**What is being asked:**
Set down exactly the lines below, starting at the one that contains "using bruhat_decomposition[OF involution_nu[OF" and ending at the one that contains "then show ?thesis", with both of those lines included and nothing else.

**Record set:**
------------------------------

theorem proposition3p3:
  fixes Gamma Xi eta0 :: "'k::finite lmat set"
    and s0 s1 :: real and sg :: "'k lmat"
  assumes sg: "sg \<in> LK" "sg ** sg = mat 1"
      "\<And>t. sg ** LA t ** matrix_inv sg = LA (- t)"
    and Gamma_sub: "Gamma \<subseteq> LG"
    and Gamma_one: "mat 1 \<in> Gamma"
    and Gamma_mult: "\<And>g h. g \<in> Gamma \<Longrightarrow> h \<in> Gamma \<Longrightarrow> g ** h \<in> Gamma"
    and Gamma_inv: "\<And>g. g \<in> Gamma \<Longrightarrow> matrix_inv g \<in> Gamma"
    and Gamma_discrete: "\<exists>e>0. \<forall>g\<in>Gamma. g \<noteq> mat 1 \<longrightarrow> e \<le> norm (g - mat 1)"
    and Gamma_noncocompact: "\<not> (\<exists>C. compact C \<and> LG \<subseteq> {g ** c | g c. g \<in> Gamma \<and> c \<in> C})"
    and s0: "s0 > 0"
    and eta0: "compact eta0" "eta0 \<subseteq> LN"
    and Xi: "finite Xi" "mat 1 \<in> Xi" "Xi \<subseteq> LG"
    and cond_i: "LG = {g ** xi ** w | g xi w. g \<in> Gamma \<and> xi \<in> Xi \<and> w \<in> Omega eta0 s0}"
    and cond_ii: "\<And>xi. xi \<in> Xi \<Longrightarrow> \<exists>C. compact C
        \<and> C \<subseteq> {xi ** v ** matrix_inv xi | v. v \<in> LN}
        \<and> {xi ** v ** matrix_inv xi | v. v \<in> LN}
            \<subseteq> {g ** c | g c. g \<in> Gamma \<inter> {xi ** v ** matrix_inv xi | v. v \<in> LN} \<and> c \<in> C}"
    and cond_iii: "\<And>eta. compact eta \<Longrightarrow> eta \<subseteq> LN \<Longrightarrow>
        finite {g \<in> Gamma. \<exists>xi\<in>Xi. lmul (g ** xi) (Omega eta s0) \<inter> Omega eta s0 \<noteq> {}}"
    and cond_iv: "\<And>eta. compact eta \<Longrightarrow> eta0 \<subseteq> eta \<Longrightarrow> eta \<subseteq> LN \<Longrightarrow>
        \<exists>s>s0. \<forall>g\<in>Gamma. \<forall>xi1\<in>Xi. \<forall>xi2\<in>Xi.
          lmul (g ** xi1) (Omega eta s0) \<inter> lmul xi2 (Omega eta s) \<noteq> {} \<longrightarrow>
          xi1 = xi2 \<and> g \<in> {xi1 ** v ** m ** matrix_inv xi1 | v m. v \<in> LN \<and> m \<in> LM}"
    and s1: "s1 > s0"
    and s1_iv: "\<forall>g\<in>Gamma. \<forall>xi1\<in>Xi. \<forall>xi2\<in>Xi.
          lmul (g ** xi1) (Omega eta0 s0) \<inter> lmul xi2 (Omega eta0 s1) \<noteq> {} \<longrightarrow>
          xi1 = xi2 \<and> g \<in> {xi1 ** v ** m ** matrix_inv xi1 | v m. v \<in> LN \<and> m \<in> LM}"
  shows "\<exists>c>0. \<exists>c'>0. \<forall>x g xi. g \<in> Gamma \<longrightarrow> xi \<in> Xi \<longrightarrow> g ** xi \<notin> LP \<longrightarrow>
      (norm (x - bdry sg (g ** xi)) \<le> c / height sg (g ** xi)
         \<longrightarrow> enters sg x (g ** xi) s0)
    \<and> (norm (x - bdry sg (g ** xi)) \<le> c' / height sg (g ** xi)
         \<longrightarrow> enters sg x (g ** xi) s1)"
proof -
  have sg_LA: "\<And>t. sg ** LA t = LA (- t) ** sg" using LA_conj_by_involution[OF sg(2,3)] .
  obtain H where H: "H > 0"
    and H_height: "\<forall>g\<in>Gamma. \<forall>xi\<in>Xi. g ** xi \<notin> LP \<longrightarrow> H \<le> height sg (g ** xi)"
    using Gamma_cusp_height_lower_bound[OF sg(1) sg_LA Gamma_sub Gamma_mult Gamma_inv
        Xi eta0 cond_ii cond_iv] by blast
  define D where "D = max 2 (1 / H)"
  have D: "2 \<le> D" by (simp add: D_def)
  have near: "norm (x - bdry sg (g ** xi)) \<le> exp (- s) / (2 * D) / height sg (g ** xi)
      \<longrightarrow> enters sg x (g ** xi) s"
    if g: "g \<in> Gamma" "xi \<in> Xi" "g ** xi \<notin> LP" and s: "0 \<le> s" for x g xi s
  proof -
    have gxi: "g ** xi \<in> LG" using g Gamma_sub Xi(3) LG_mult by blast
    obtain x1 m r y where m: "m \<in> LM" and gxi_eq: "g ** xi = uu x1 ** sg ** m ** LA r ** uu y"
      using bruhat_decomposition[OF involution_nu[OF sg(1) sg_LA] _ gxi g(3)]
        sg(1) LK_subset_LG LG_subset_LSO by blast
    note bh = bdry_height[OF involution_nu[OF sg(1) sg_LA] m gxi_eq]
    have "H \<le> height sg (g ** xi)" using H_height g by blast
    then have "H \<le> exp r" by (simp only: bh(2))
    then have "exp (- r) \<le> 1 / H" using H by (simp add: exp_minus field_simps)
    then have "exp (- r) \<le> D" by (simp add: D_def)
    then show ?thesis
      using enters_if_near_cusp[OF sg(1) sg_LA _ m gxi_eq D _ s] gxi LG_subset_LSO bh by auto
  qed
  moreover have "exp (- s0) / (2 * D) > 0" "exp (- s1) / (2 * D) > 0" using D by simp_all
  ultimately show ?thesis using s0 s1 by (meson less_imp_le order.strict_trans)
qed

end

------------------------------

**Reply to the exercise:**
      using bruhat_decomposition[OF involution_nu[OF sg(1) sg_LA] _ gxi g(3)]
        sg(1) LK_subset_LG LG_subset_LSO by blast
    note bh = bdry_height[OF involution_nu[OF sg(1) sg_LA] m gxi_eq]
    have "H \<le> height sg (g ** xi)" using H_height g by blast
    then have "H \<le> exp r" by (simp only: bh(2))
    then have "exp (- r) \<le> 1 / H" using H by (simp add: exp_minus field_simps)
    then have "exp (- r) \<le> D" by (simp add: D_def)
    then show ?thesis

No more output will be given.